Collected data
(* Let $\lambda>0$, $h\in C^2([0,1])$, $\varrho_\lambda(s)=\frac{\lambda}{(1-s)^2}\exp\!\big[-\frac{\lambda s}{1-s}\big]$ for $s\in[0,1)$, and $\tilde h(s)=h(s)-\int_0^1\mathrm dx\,\varrho_\lambda(x)h(x)$. Then the function $G:(0,1)\to\mathbb R$, $$G(s)=\frac1s\exp\Big[\frac{\lambda}{1-s}\Big]\int_0^s\mathrm dx\,\frac{\tilde h(x)}{(1-x)^2}\exp\Big[\frac{-\lambda}{1-x}\Big],$$ has a continuous extension to $[0,1]$ which lies in $C^2([0,1])$.
   Context: $C^2([0,1])$ denotes twice continuously differentiable functions on $[0,1]$, with one-sided derivatives at the endpoints. $h$ is real-valued. *)

theory Defs
  imports "HOL-Analysis.Analysis"
begin

definition C2_on_01 :: "(real \<Rightarrow> real) \<Rightarrow> bool" where
  "C2_on_01 f \<longleftrightarrow> (\<exists>f' f''.
      (\<forall>x\<in>{0..1}. (f has_real_derivative f' x) (at x within {0..1})) \<and>
      (\<forall>x\<in>{0..1}. (f' has_real_derivative f'' x) (at x within {0..1})) \<and>
      continuous_on {0..1} f'')"

definition rho :: "real \<Rightarrow> real \<Rightarrow> real" where
  "rho lam s = lam / (1 - s)^2 * exp (- (lam * s / (1 - s)))"

definition htilde :: "real \<Rightarrow> (real \<Rightarrow> real) \<Rightarrow> real \<Rightarrow> real" where
  "htilde lam h s = h s - integral {0..1} (\<lambda>x. rho lam x * h x)"

definition Gfun :: "real \<Rightarrow> (real \<Rightarrow> real) \<Rightarrow> real \<Rightarrow> real" where
  "Gfun lam h s = (1 / s) * exp (lam / (1 - s)) *
     integral {0..s} (\<lambda>x. htilde lam h x / (1 - x)^2 * exp (- lam / (1 - x)))"

end

(* Write G(s) = (1/s) exp (lam/(1-s)) \<integral>\<^sub>0\<^sup>s m with m(x) = h~(x) exp (-lam/(1-x)) / (1-x)^2.
   Since m = exp (-lam)/lam * rho_lam h~ and rho_lam is a probability density on [0,1], the centring
   of h~ gives \<integral>\<^sub>0\<^sup>1 m = 0.

   Near s = 0, (1/s) \<integral>\<^sub>0\<^sup>s m = \<integral>\<^sub>0\<^sup>1 m(r s) dr with m of class C^2 on [0,b] for b < 1.

   Near s = 1, \<integral>\<^sub>0\<^sup>s m = - \<integral>\<^sub>s\<^sup>1 m, and the substitution w = exp (lam/(2(1-s)) - lam/(2(1-x)))
   absorbs the exploding factor exp (lam/(1-s)):
     G(s) = - 2/(lam s) \<integral>\<^sub>0\<^sup>1 w h~(X(s,w)) dw,   X(s,w) = 1 - lam(1-s) / (lam - 2(1-s) ln w).
   The integrand and its first two s-derivatives are continuous on [0,1] x [0,1], because near w = 0
   they are dominated by multiples of w and |w ln w|; so this representation is C^2 up to s = 1.

   The two representations agree on [1/4,3/4], where they are glued. *)

theory Submission
  imports Defs "HOL-Real_Asymp.Real_Asymp"
begin

definition C2_on :: "real set \<Rightarrow> (real \<Rightarrow> real) \<Rightarrow> (real \<Rightarrow> real) \<Rightarrow> (real \<Rightarrow> real) \<Rightarrow> bool" where
  "C2_on S f f' f'' \<longleftrightarrow> (\<forall>x\<in>S. (f has_real_derivative f' x) (at x within S)) \<and>
     (\<forall>x\<in>S. (f' has_real_derivative f'' x) (at x within S)) \<and> continuous_on S f''"

lemma C2_on_01_iff: "C2_on_01 f \<longleftrightarrow> (\<exists>f' f''. C2_on {0..1} f f' f'')"
  unfolding C2_on_01_def C2_on_def ..
definition bipartite :: "'b set \<Rightarrow> ('b \<Rightarrow> 'b \<Rightarrow> bool) \<Rightarrow> bool" where
  "bipartite V E \<longleftrightarrow> (\<exists>X. X \<subseteq> V \<and> (\<forall>x y. E x y \<longrightarrow> (x \<in> X \<longleftrightarrow> y \<notin> X)))"

definition nabla1B :: "'a set \<Rightarrow> ('a \<Rightarrow> 'a \<Rightarrow> bool) \<Rightarrow> real" where
  "nabla1B V E = Max {real (card (edges VH EH)) / real (card VH) | VH EH.
       shallow1_minor V E VH EH \<and> bipartite VH EH \<and> VH \<noteq> {}}"

definition contains_K3t :: "'a set \<Rightarrow> ('a \<Rightarrow> 'a \<Rightarrow> bool) \<Rightarrow> nat \<Rightarrow> bool" where
  "contains_K3t V E t \<longleftrightarrow> (\<exists>A B. A \<subseteq> V \<and> B \<subseteq> V \<and> A \<inter> B = {} \<and>
       card A = 3 \<and> card B = t \<and> (\<forall>a\<in>A. \<forall>b\<in>B. E a b))"

end

theory Submission
  imports Defs
begin

text \<open>
Put X = D1 \<union> D2 and call v \<in> X - D expensive if no set of fewer than 2\<nabla> vertices of D
dominates N(v). For an independent set I of expensive vertices, contract every vertex of D
together with the vertices of V - (I \<union> D) it dominates (choosing one dominator each) and keep
the vertices of I as singletons: this bipartite 1-shallow minor has |I| + |D| vertices and at
least 2\<nabla>|I| edges, and its density is below \<nabla>, so |I| < |D|. Hence there are fewer than
\<rho>(G)\<gamma> expensive vertices.

All other vertices of X - D are charged to X \<inter> D. If z \<in> B v, then v and z have more than
(2\<nabla> - 1)t common neighbours in R1; a set of at most 2\<nabla> - 1 vertices other than v and z
dominating them contains, by pigeonhole, a vertex adjacent to t + 1 of them, and K_{3,t}
appears. So vertices with a partner outside D are expensive (as are those of D1), while for
v \<notin> D1 the whole of B v lies inside a dominator of N(v) of size at most 2\<nabla> - 1. Every
cheap vertex of X - D is thus a partner of some z \<in> X \<inter> D, which has at most 2\<nabla> - 1
partners, and |X| < \<rho>(G)\<gamma> + 2\<nabla>|X \<inter> D| follows.
\<close>

lemma simple_graph_sym: "simple_graph V E \<Longrightarrow> E x y \<Longrightarrow> E y x"
  and simple_graph_in_V: "simple_graph V E \<Longrightarrow> E x y \<Longrightarrow> x \<in> V \<and> y \<in> V"
  and simple_graph_irrefl: "simple_graph V E \<Longrightarrow> \<not> E x x"
  unfolding simple_graph_def by blast+

section \<open>Bipartite 1-shallow minors\<close>

lemma finite_bounded_ratios:
  assumes "\<forall>x\<in>X. \<exists>p q. x = real p / real q \<and> p \<le> M \<and> q \<le> M"
  shows "finite X"
proof (rule finite_subset)
  show "X \<subseteq> (\<lambda>(p, q). real p / real q) ` ({..M} \<times> {..M})"
    using assms by fastforce
qed auto

lemma density_le_nabla1B:
  assumes "finite V" "shallow1_minor V E VH EH" "bipartite VH EH" "VH \<noteq> {}"
  shows "real (card (edges VH EH)) / real (card VH) \<le> nabla1B V E"
  unfolding nabla1B_def
proof (rule Max_ge)
  let ?M = "2 ^ 2 ^ card V :: nat"
  have "card (edges VH EH) \<le> ?M \<and> card VH \<le> ?M" if "shallow1_minor V E VH EH" for VH EH
  proof -
    have VH: "VH \<subseteq> Pow V" using that unfolding shallow1_minor_def by blast
    then have "edges VH EH \<subseteq> Pow (Pow V)" unfolding edges_def by blast
    then have "card (edges VH EH) \<le> ?M"
      using card_mono[of "Pow (Pow V)"] \<open>finite V\<close> by (simp add: card_Pow)
    moreover have "card VH \<le> 2 ^ card V"
      using card_mono[OF _ VH] \<open>finite V\<close> by (simp add: card_Pow)
    moreover have "(2::nat) ^ card V \<le> ?M"
      by (rule power_increasing) (simp_all add: less_exp less_imp_le)
    ultimately show ?thesis by linarith
  qed
  then show "finite {real (card (edges VH EH)) / real (card VH) | VH EH.
      shallow1_minor V E VH EH \<and> bipartite VH EH \<and> VH \<noteq> {}}"
    by (intro finite_bounded_ratios) blast
qed (use assms in blast)

lemma nabla1B_nonneg:
  assumes "finite V" "V \<noteq> {}"
  shows "0 \<le> nabla1B V E"
proof -
  obtain v where "v \<in> V" using assms by blast
  then have "shallow1_minor V E {{v}} (\<lambda>_ _. False)"
    unfolding shallow1_minor_def simple_graph_def cnbhd_def by (auto simp: disjoint_def)
  moreover have "bipartite {{v}} (\<lambda>_ _. False)" unfolding bipartite_def by auto
  ultimately show ?thesis
    using density_le_nabla1B[OF \<open>finite V\<close>] by fastforce
qed

definition radius1_branch_sets :: "'a set \<Rightarrow> ('a \<Rightarrow> 'a \<Rightarrow> bool) \<Rightarrow> 'a set set \<Rightarrow> bool" where
  "radius1_branch_sets V E P \<longleftrightarrow>
     disjoint P \<and> (\<forall>S\<in>P. S \<noteq> {} \<and> S \<subseteq> V \<and> (\<exists>c\<in>S. S \<subseteq> cnbhd V E c))"
(* Consider the following recursive procedure on input $(T,C,w)$, where $T=(V,E)$ is a tree, $w:V\to\mathbb R_{\ge0}$, and $C$ is a partial coloring with domain $\mathrm{support}(w)=\{v:w(v)>0\}$: if $V\setminus\mathrm{support}(w)$ is a cover of $(T,C)$, return $X=V\setminus\mathrm{support}(w)$; otherwise choose two pairs of (not necessarily distinct) vertices $(x_1,x_2)$, $(y_1,y_2)$ in $\mathrm{support}(w)$ with $C(x_1)=C(x_2)\neq C(y_1)=C(y_2)$ and $\mathrm{carrier}(\{x_1,x_2\})\cap\mathrm{carrier}(\{y_1,y_2\})\neq\emptyset$, let $\varepsilon=\min\{w(x_1),w(x_2),w(y_1),w(y_2)\}$, let $w_1=w-\varepsilon\cdot\mathbf 1_{\{x_1,x_2,y_1,y_2\}}$, and return the output of the procedure on $(T,C|_{\mathrm{support}(w_1)},w_1)$. Then the procedure is well defined (whenever $V\setminus\mathrm{support}(w)$ is not a cover, such pairs exist), terminates, and returns a cover $X$ of $(T,C)$ with $w(X)\le 4\,\mathrm{OPT}(T,C,w)$.
   Context: For $U\subseteq V$, $\mathrm{carrier}(U)$ is the minimal connected subtree of $T$ containing $U$. A partial coloring of a tree is convex if it can be extended to a total coloring in which every color class induces a connected subtree. A set $X\subseteq V$ is a cover of $(T,C)$ if the restriction of $C$ to $\mathrm{Domain}(C)\setminus X$ is convex. $w(X)=\sum_{v\in X}w(v)$, and $\mathrm{OPT}(T,C,w)$ is the minimum of $w(X)$ over all covers $X$. *)

theory Defs
  imports Complex_Main
begin

definition induced_rel :: "'v set set \<Rightarrow> 'v set \<Rightarrow> ('v \<times> 'v) set" where
  "induced_rel E S = {(a, b). {a, b} \<in> E \<and> a \<in> S \<and> b \<in> S}"

text \<open>S induces a connected subgraph (the empty set counts as connected).\<close>
definition connected_in :: "'v set set \<Rightarrow> 'v set \<Rightarrow> bool" where
  "connected_in E S \<longleftrightarrow> (\<forall>u\<in>S. \<forall>v\<in>S. (u, v) \<in> (induced_rel E S)\<^sup>*)"

definition is_tree :: "'v set \<Rightarrow> 'v set set \<Rightarrow> bool" where
  "is_tree V E \<longleftrightarrow> finite V \<and> V \<noteq> {} \<and> (\<forall>e\<in>E. e \<subseteq> V \<and> card e = 2)
     \<and> connected_in E V \<and> card E = card V - 1"

definition carrier :: "'v set \<Rightarrow> 'v set set \<Rightarrow> 'v set \<Rightarrow> 'v set" where
  "carrier V E U = \<Inter>{S. U \<subseteq> S \<and> S \<subseteq> V \<and> connected_in E S}"

text \<open>Partial colorings are maps 'v => 'c option; the domain is {v. C v ~= None}.\<close>
definition convex :: "'v set \<Rightarrow> 'v set set \<Rightarrow> ('v \<Rightarrow> 'c option) \<Rightarrow> bool" where
  "convex V E C \<longleftrightarrow> (\<exists>f :: 'v \<Rightarrow> 'c. (\<forall>v\<in>V. \<forall>c. C v = Some c \<longrightarrow> f v = c)
      \<and> (\<forall>c. connected_in E {v\<in>V. f v = c}))"

definition restrict_col :: "('v \<Rightarrow> 'c option) \<Rightarrow> 'v set \<Rightarrow> 'v \<Rightarrow> 'c option" where
  "restrict_col C S = (\<lambda>v. if v \<in> S then C v else None)"

definition is_cover :: "'v set \<Rightarrow> 'v set set \<Rightarrow> ('v \<Rightarrow> 'c option) \<Rightarrow> 'v set \<Rightarrow> bool" where
  "is_cover V E C X \<longleftrightarrow> X \<subseteq> V \<and> convex V E (restrict_col C ({v. C v \<noteq> None} - X))"

definition OPT :: "'v set \<Rightarrow> 'v set set \<Rightarrow> ('v \<Rightarrow> 'c option) \<Rightarrow> ('v \<Rightarrow> real) \<Rightarrow> real" where
  "OPT V E C w = Min {sum w X | X. is_cover V E C X}"

definition supp :: "'v set \<Rightarrow> ('v \<Rightarrow> real) \<Rightarrow> 'v set" where
  "supp V w = {v\<in>V. w v > 0}"

definition valid_choice :: "'v set \<Rightarrow> 'v set set \<Rightarrow> ('v \<Rightarrow> 'c option) \<Rightarrow> ('v \<Rightarrow> real)
    \<Rightarrow> 'v \<Rightarrow> 'v \<Rightarrow> 'v \<Rightarrow> 'v \<Rightarrow> bool" where
  "valid_choice V E C w x1 x2 y1 y2 \<longleftrightarrow>
     {x1, x2, y1, y2} \<subseteq> supp V w \<and> C x1 = C x2 \<and> C y1 = C y2 \<and> C x1 \<noteq> C y1
     \<and> carrier V E {x1, x2} \<inter> carrier V E {y1, y2} \<noteq> {}"

definition new_weight :: "('v \<Rightarrow> real) \<Rightarrow> 'v \<Rightarrow> 'v \<Rightarrow> 'v \<Rightarrow> 'v \<Rightarrow> 'v \<Rightarrow> real" where
  "new_weight w x1 x2 y1 y2 =
     (let \<epsilon> = Min {w x1, w x2, w y1, w y2}
      in (\<lambda>v. if v \<in> {x1, x2, y1, y2} then w v - \<epsilon> else w v))"

definition proc_step :: "'v set \<Rightarrow> 'v set set \<Rightarrow> ('v \<Rightarrow> 'c option) \<times> ('v \<Rightarrow> real)
    \<Rightarrow> ('v \<Rightarrow> 'c option) \<times> ('v \<Rightarrow> real) \<Rightarrow> bool" where
  "proc_step V E s s' \<longleftrightarrow> (let (C, w) = s; (C', w') = s' in
     \<not> is_cover V E C (V - supp V w) \<and>
     (\<exists>x1 x2 y1 y2. valid_choice V E C w x1 x2 y1 y2
        \<and> w' = new_weight w x1 x2 y1 y2 \<and> C' = restrict_col C (supp V w')))"

text \<open>proc_out V E C w X: X is a possible output of the (nondeterministic) procedure.\<close>
inductive proc_out :: "'v set \<Rightarrow> 'v set set \<Rightarrow> ('v \<Rightarrow> 'c option) \<Rightarrow> ('v \<Rightarrow> real) \<Rightarrow> 'v set \<Rightarrow> bool"
  for V E where
  stop: "is_cover V E C (V - supp V w) \<Longrightarrow> proc_out V E C w (V - supp V w)"
| rec: "proc_step V E (C, w) (C', w') \<Longrightarrow> proc_out V E C' w' X \<Longrightarrow> proc_out V E C w X"

end

theory Submission
  imports Defs
begin

(* The procedure is a local-ratio algorithm. If two same-coloured pairs of different colours
   have intersecting carriers, every cover must contain one of these (at most four) vertices;
   lowering their weights by \<epsilon> therefore lowers OPT by at least \<epsilon>, while the output pays
   at most 4\<epsilon> for them, and induction along the recursion gives the factor 4. The lowered
   weights vanish on at least one vertex, so the support shrinks and the recursion terminates.
   Well-definedness is a Helly-type property of trees: a partial colouring is convex as soon
   as the carriers of same-coloured pairs of distinct colours are pairwise disjoint, which is
   proved by removing a leaf and extending a convex colouring of the smaller tree. *)

section \<open>Trees, leaves and carriers\<close>

lemma connected_in_subset_singleton: "S \<subseteq> {x} \<Longrightarrow> connected_in E S"
  unfolding connected_in_def by auto

lemma connected_in_mono_edges:
  assumes "E \<subseteq> E'" "connected_in E S"
  shows "connected_in E' S"
proof -
  have "induced_rel E S \<subseteq> induced_rel E' S"
    using assms(1) unfolding induced_rel_def by auto
  then show ?thesis
    using assms(2) rtrancl_mono unfolding connected_in_def by blast
qed

lemma connected_in_insert:
  assumes "connected_in E S" "n \<in> S" "{l, n} \<in> E"
  shows "connected_in E (insert l S)"
  unfolding connected_in_def
proof (intro ballI)
  let ?R = "induced_rel E (insert l S)"
  have "(induced_rel E S)\<^sup>* \<subseteq> ?R\<^sup>*"
    by (rule rtrancl_mono) (auto simp: induced_rel_def)
  then have S: "\<forall>u\<in>S. \<forall>v\<in>S. (u, v) \<in> ?R\<^sup>*"
    using assms(1) unfolding connected_in_def by blast
  have "(l, n) \<in> ?R" "(n, l) \<in> ?R"
    using assms(2,3) by (auto simp: induced_rel_def insert_commute)
  then have "(u, n) \<in> ?R\<^sup>*" "(n, u) \<in> ?R\<^sup>*" if "u \<in> insert l S" for u
    using that S assms(2) by auto
  then show "(u, v) \<in> ?R\<^sup>*" if "u \<in> insert l S" "v \<in> insert l S" for u v
    using that rtrancl_trans by metis
qed

definition leaf_edge :: "'v set set \<Rightarrow> 'v \<Rightarrow> 'v \<Rightarrow> bool" where
  "leaf_edge E l n \<longleftrightarrow> l \<noteq> n \<and> {l, n} \<in> E \<and> (\<forall>e\<in>E. l \<in> e \<longrightarrow> e = {l, n})"

lemma leaf_edge_unique_neighbour: "leaf_edge E l n \<Longrightarrow> {l, m} \<in> E \<Longrightarrow> m = n"
  unfolding leaf_edge_def by (metis doubleton_eq_iff insertI1)

lemma rtrancl_induced_rel_remove_leaf:
  assumes "leaf_edge E l n" "(u, v) \<in> (induced_rel E S)\<^sup>*" "u \<noteq> l"
  shows "(u, if v = l then n else v) \<in> (induced_rel E (S - {l}))\<^sup>*"
  using assms(2)
proof (induction rule: rtrancl_induct)
  case base
  then show ?case using assms(3) by simp
next
  case (step y z)
  then have yz: "{y, z} \<in> E" "y \<in> S" "z \<in> S" by (auto simp: induced_rel_def)
  consider "z = l" | "y = l" | "y \<noteq> l" "z \<noteq> l" by blast
  then show ?case
  proof cases
    case 1
    then have "y = n" using leaf_edge_unique_neighbour[OF assms(1)] yz(1) by (metis insert_commute)
    then show ?thesis using step.IH 1 assms(1) by (auto simp: leaf_edge_def)
  next
    case 2
    then have "z = n" using leaf_edge_unique_neighbour[OF assms(1)] yz(1) by simp
    then show ?thesis using step.IH 2 by auto
  next
    case 3
    then have "(y, z) \<in> induced_rel E (S - {l})" using yz by (auto simp: induced_rel_def)
    then show ?thesis using step.IH 3 by (auto intro: rtrancl_into_rtrancl)
  qed
qed

lemma connected_in_remove_leaf:
  assumes "leaf_edge E l n" "connected_in E S"
  shows "connected_in (E - {{l, n}}) (S - {l})"
proof -
  have "(u, v) \<in> (induced_rel E (S - {l}))\<^sup>*" if "u \<in> S - {l}" "v \<in> S - {l}" for u v
    using that assms(2) rtrancl_induced_rel_remove_leaf[OF assms(1), of u v S]
    unfolding connected_in_def by auto
  moreover have "induced_rel (E - {{l, n}}) (S - {l}) = induced_rel E (S - {l})"
    unfolding induced_rel_def by (auto simp: doubleton_eq_iff)
  ultimately show ?thesis unfolding connected_in_def by simp
qed

lemma leaf_edge_neighbour_mem:
  assumes "leaf_edge E l n" "connected_in E S" "l \<in> S" "x \<in> S" "x \<noteq> l"
  shows "n \<in> S"
proof -
  have "(l, x) \<in> (induced_rel E S)\<^sup>*" using assms(2-4) unfolding connected_in_def by blast
  then obtain m where "(l, m) \<in> induced_rel E S"
    using assms(5) by (cases rule: converse_rtranclE) auto
  then have "{l, m} \<in> E" "m \<in> S" by (auto simp: induced_rel_def)
  then show ?thesis using leaf_edge_unique_neighbour[OF assms(1)] by blast
qed

lemma carrier_least: "U \<subseteq> S \<Longrightarrow> S \<subseteq> V \<Longrightarrow> connected_in E S \<Longrightarrow> carrier V E U \<subseteq> S"
  unfolding carrier_def by blast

| What is needed |
Looking back over the data above, restate word for word the lines that begin at the line with "set \<Rightarrow> ('v \<Rightarrow> real)" and end at the line with "y1 y2 \<longleftrightarrow>", inclusive.

| Completed exercise |
definition supp :: "'v set \<Rightarrow> ('v \<Rightarrow> real) \<Rightarrow> 'v set" where
  "supp V w = {v\<in>V. w v > 0}"

definition valid_choice :: "'v set \<Rightarrow> 'v set set \<Rightarrow> ('v \<Rightarrow> 'c option) \<Rightarrow> ('v \<Rightarrow> real)
    \<Rightarrow> 'v \<Rightarrow> 'v \<Rightarrow> 'v \<Rightarrow> 'v \<Rightarrow> bool" where
  "valid_choice V E C w x1 x2 y1 y2 \<longleftrightarrow>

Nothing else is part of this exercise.